FullClient Example Usage

import json

# Retrieve a list of all available Retinas
fullClient.getRetinas()

# Retrieve information about a specific term
fullClient.getTerms(term="python")

# Get contexts for a given term
fullClient.getContextsForTerm("python", maxResults=3)

# Get similar terms and their Fingerprints for a given term
fullClient.getSimilarTermsForTerm("python", getFingerprint=True)

# Encode a text into a Semantic Fingerprint
fullClient.getFingerprintForText("Python is a widely used general-purpose, high-level programming language.")

# Return keywords from a text
fullClient.getKeywordsForText("Python is a widely used general-purpose, high-level programming language.")

# Returns tokens from an input text
fullClient.getTokensForText("Python is a widely used general-purpose, high-level programming language.", POStags="NN,NNP")

# Slice the input text according to semantic changes (works best on larger texts of at least several sentences)
fullClient.getSlicesForText("longer text with several sentences...")

# Return Semantic Fingerprints for numerous texts in a single call
fullClient.getFingerprintsForTexts(["first text", "second text"])

# Detect the language for an input text
fullClient.getLanguageForText("Dieser Text ist auf Deutsch")

# Return the Fingerprint for an input expression
fullClient.getFingerprintForExpression(json.dumps({"text": "Python is a widely used general-purpose, high-level programming language."}))

# Return contexts for an input expression
fullClient.getContextsForExpression(json.dumps({"text": "Python is a widely used general-purpose, high-level programming language."}))

# Return similar terms for an input expression
fullClient.getSimilarTermsForExpression(json.dumps({"text": "Python is a widely used general-purpose, high-level programming language."}))

# Return Fingerprints for multiple semantic expressions
fullClient.getFingerprintsForExpressions(json.dumps([{"text": "first text"}, {"text": "second text"}]))

# Return contexts for multiple semantic expressions
fullClient.getContextsForExpressions(json.dumps([{"text": "first text"}, {"text": "second text"}]))

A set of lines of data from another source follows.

lemma cocycle_surj: "\<exists>w. cocycle g w = v"
proof (induction "\<Sum>z\<in>UNIV. v z" arbitrary: v)
  case 0
  then show ?case by (intro exI[of _ "[]"]) (simp add: fun_eq_iff)
next
  case (Suc n)
  then obtain q where q: "v q > 0"
    by (metis gr0I sum_eq_0_iff finite_UNIV UNIV_I nat.distinct(1))
  define v' where "v' = (\<lambda>z. v z - of_bool (z = q))"
  have "(\<Sum>z\<in>UNIV. v' z) = n"
    using Suc(2) q sum.remove[of UNIV q v] sum.remove[of UNIV q v']
    by (simp add: v'_def sum.cong[of "UNIV - {q}" _ v' v])
  moreover have "bij_betw (g q) UNIV UNIV"
    using bij_g by simp
  ultimately have "(\<Sum>z\<in>UNIV. (v' \<circ> g q) z) = n"
    by (simp add: sum.reindex_bij_betw)
  then obtain w where "cocycle g w = v' \<circ> g q"
    using Suc(1) by blast
  then have "cocycle g (q # w) = v"
    using q by (auto simp: fun_eq_iff v'_def)
  then show ?case by blast
qed

lemma cocycle_Cons_surj: "0 < v q \<Longrightarrow> \<exists>w. cocycle g (q # w) = v"
proof -
  assume "0 < v q"
  obtain w where "cocycle g w = (\<lambda>z. v (g q z) - of_bool (g q z = q))"
    using cocycle_surj by blast
  with \<open>0 < v q\<close> have "cocycle g (q # w) = v"
    by (auto simp: fun_eq_iff)
  then show ?thesis ..
qed

lemma length_eq_if_cocycle_eq: "cocycle g u = cocycle g v \<Longrightarrow> length u = length v"
  using sum_cocycle by metis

# Return similar terms for multiple semantic expressions
fullClient.getSimilarTermsForExpressions(json.dumps([{"text": "first text"}, {"text": "second text"}]))

# Compute the semantic similarity of two input expressions
fullClient.compare(json.dumps([{"term": "synapse"}, {"term": "skylab"}]))

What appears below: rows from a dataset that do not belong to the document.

lemma triconnected_cut_pair_is_cycle:
  assumes wf: "wf_graph H" and bc: "biconnected H" and nsp: "\<not> has_sep_pair H"
    and cp: "cut_pair H g c"
  shows "is_cycle H"
proof -
  have gE: "g \<in> edges H" using cp by (simp add: cut_pair_def)
  obtain x y where g: "ends H g = {x, y}" and xy: "x \<noteq> y" and xyV: "x \<in> verts H" "y \<in> verts H"
    using wf_graph_endsE[OF wf gE] by blast
  note cpD = cut_pairD[OF cp g]
  obtain hx where hx: "hx \<in> edges H" "ends H hx = {x, c}"
    "\<forall>h'\<in>edges H. x \<in> ends H h' \<longrightarrow> h' = g \<or> h' = hx"
    using triconnected_cut_pair_end[OF wf bc nsp gE g cpD(2,3,4)] by blast
  have "ends H g = {y, x}" "c \<notin> {y, x}" "\<not> reach H (edges H - {g}) (verts H - {c}) y x"
    using g cpD(3) reach_sym[of H "edges H - {g}" "verts H - {c}" y x] cpD(4)
    by (auto simp: insert_commute)
  then obtain hy where hy: "hy \<in> edges H" "ends H hy = {y, c}"
    "\<forall>h'\<in>edges H. y \<in> ends H h' \<longrightarrow> h' = g \<or> h' = hy"
    using triconnected_cut_pair_end[OF wf bc nsp gE _ cpD(2)] by blast
  have cxy: "c \<noteq> x" "c \<noteq> y" using cpD(3) by auto
  \<comment> \<open>x and y have degree two, so every vertex other than c is x or y\<close>
  have V: "verts H = {x, y, c}"
  proof (rule ccontr)
    assume "verts H \<noteq> {x, y, c}"
    then obtain z where z: "z \<in> verts H" "z \<notin> {x, y, c}" using xyV cpD(2) by auto
    have "reach H (edges H) (verts H - {c}) x z"
      using bc z xyV cpD(2) cxy unfolding biconnected_iff_reach by auto
    then have "z \<in> {x, y}"
    proof (rule reach_closed)
      fix s f q assume h: "s \<in> {x, y}" "f \<in> edges H" "f \<in> edges H" "ends H f = {s, q}"
        "q \<in> verts H - {c}" "q \<in> verts H"
      then have "(s = x \<and> (f = g \<or> f = hx)) \<or> (s = y \<and> (f = g \<or> f = hy))" using hx(3) hy(3) by auto
      then show "q \<in> {x, y}" using h g hx(2) hy(2) by (auto simp: doubleton_eq_iff)
    qed simp
    then show False using z by auto
  qed
  have E: "edges H = {g, hy, hx}"
  proof
    show "edges H \<subseteq> {g, hy, hx}"
    proof
      fix h' assume h': "h' \<in> edges H"
      have "ends H h' \<subseteq> {x, y, c}" "card (ends H h') = 2" using wf_graph_ends[OF wf h'] V by auto
      moreover have "\<not> ends H h' \<subseteq> {c}"
        using card_mono[of "{c}" "ends H h'"] \<open>card (ends H h') = 2\<close> by auto
      ultimately have "x \<in> ends H h' \<or> y \<in> ends H h'" by blast
      then show "h' \<in> {g, hy, hx}" using hx(3) hy(3) h' by auto
    qed
  qed (use gE hx hy in auto)
  have "hy \<noteq> g" "hx \<noteq> g" "hx \<noteq> hy" using hx(2) hy(2) g cxy xy by (auto simp: doubleton_eq_iff)
  then have "closed_path H [x, y, c, x] [g, hy, hx]"
    unfolding closed_path_def is_walk_def
    using gE hx hy g xyV cpD(2) xy cxy by (auto simp: less_Suc_eq insert_commute)
  then show ?thesis unfolding is_cycle_def
    by (intro exI[of _ "[x, y, c, x]"] exI[of _ "[g, hy, hx]"]) (use V E in auto)
qed

section \<open>Cycles\<close>

lemma closed_path_rotate1:
  assumes cp: "closed_path H vs es"
  shows "closed_path H (tl vs @ [vs ! 1]) (tl es @ [hd es]) \<and> set (tl vs @ [vs ! 1]) = set vs
         \<and> set (tl es @ [hd es]) = set es"
proof -
  have w: "is_walk H vs es" and l2: "length es \<ge> 2" and hl: "hd vs = last vs"
    and dt: "distinct (tl vs)"
    and de: "distinct es" using cp by (auto simp: closed_path_def)
  have l: "length vs = Suc (length es)" using w by (simp add: is_walk_def)
  obtain v0 ws where vs: "vs = v0 # ws" using l by (cases vs) auto
  obtain e0 es' where es: "es = e0 # es'" using l2 by (cases es) auto
  have lws: "length ws = length es" using l vs by simp
  have wsne: "ws \<noteq> []" using lws l2 by auto
  have v0: "v0 = last ws" using hl vs wsne by simp
  have v1: "vs ! 1 = ws ! 0" using vs by simp
  have ends_i: "ends H (es ! i) = {vs ! i, vs ! Suc i}" if "i < length es" for i
    using w that by (simp add: is_walk_def)
  have w': "is_walk H (ws @ [ws ! 0]) (es' @ [e0])"
    unfolding is_walk_def
  proof (intro conjI allI impI)
    show "length (ws @ [ws ! 0]) = Suc (length (es' @ [e0]))" using lws es by simp
    have "ws ! 0 \<in> set ws" using wsne by simp
    then show "set (ws @ [ws ! 0]) \<subseteq> verts H" using w vs by (auto simp: is_walk_def)
    show "set (es' @ [e0]) \<subseteq> edges H" using w es by (auto simp: is_walk_def)
    fix i assume i: "i < length (es' @ [e0])"
    show "ends H ((es' @ [e0]) ! i) = {(ws @ [ws ! 0]) ! i, (ws @ [ws ! 0]) ! Suc i}"
    proof (cases "i < length es'")
      case True
      have "ends H (es ! Suc i) = {vs ! Suc i, vs ! Suc (Suc i)}"
        using ends_i[of "Suc i"] True es by simp
      then show ?thesis using True es vs lws by (simp add: nth_append)
    next
      case False
      then have ii: "i = length es'" using i by simp
      have "ends H (es ! 0) = {vs ! 0, vs ! 1}" using ends_i[of 0] l2 by fastforce
      moreover have "(ws @ [ws ! 0]) ! i = v0"
        using ii lws es v0 wsne by (simp add: nth_append last_conv_nth)
      moreover have "(ws @ [ws ! 0]) ! Suc i = ws ! 0" using ii lws es by (simp add: nth_append)
      ultimately show ?thesis using ii es vs by (simp add: nth_append)
    qed
  qed
  have dws: "distinct ws" using dt vs by simp
  have d': "distinct (tl (ws @ [ws ! 0]))"
  proof -
    obtain w0 ws' where "ws = w0 # ws'" using wsne by (cases ws) auto
    then show ?thesis using dws by simp
  qed
  have cp': "closed_path H (ws @ [ws ! 0]) (es' @ [e0])"
    unfolding closed_path_def using w' d' de es l2 wsne by (auto simp: hd_append hd_conv_nth)
  have s1: "set (ws @ [ws ! 0]) = set vs" using vs v0 wsne by auto
  have s2: "set (es' @ [e0]) = set es" using es by auto
  show ?thesis using cp' s1 s2 vs es v1 by simp
qed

# Make multiple comparisons in a single call
comparison1 = [{"term": "synapse"}, {"term": "skylab"}]
comparison2 = [{"term": "mir"}, {"text": "skylab was a space station"}]
fullClient.compareBulk(json.dumps([comparison1, comparison2]))

# Create an image from an expression
imageData = fullClient.getImage(json.dumps({"term": "python"}), plotShape="square")

# Create multiple images from multiple expressions in a single call
fullClient.getImages(json.dumps([{"text": "first text"}, {"text": "second text"}]))

# Create a composite image showing the visual overlap between two expressions
fullClient.compareImage(json.dumps([{"text": "first text"}, {"text": "second text"}]))

# Create a filter Fingerprint from positive (related) and negative (unrelated) example texts.
fullClient.createCategoryFilter("test", ["Python is a widely used general-purpose, high-level programming language."], negativeExamples=["Monty Python (sometimes known as The Pythons) were a British surreal comedy group."])

Support

For further documentation about the Retina-API and information on cortical.io's 'Retina' technology please see our Knowledge Base. Also the tests folder contains more examples of how to use the clients.

If you have any questions or problems please visit our forum.

Change Log

v 1.0.0

  • Initial release.
  • Refactoring and migrating project from previous GitHub repo.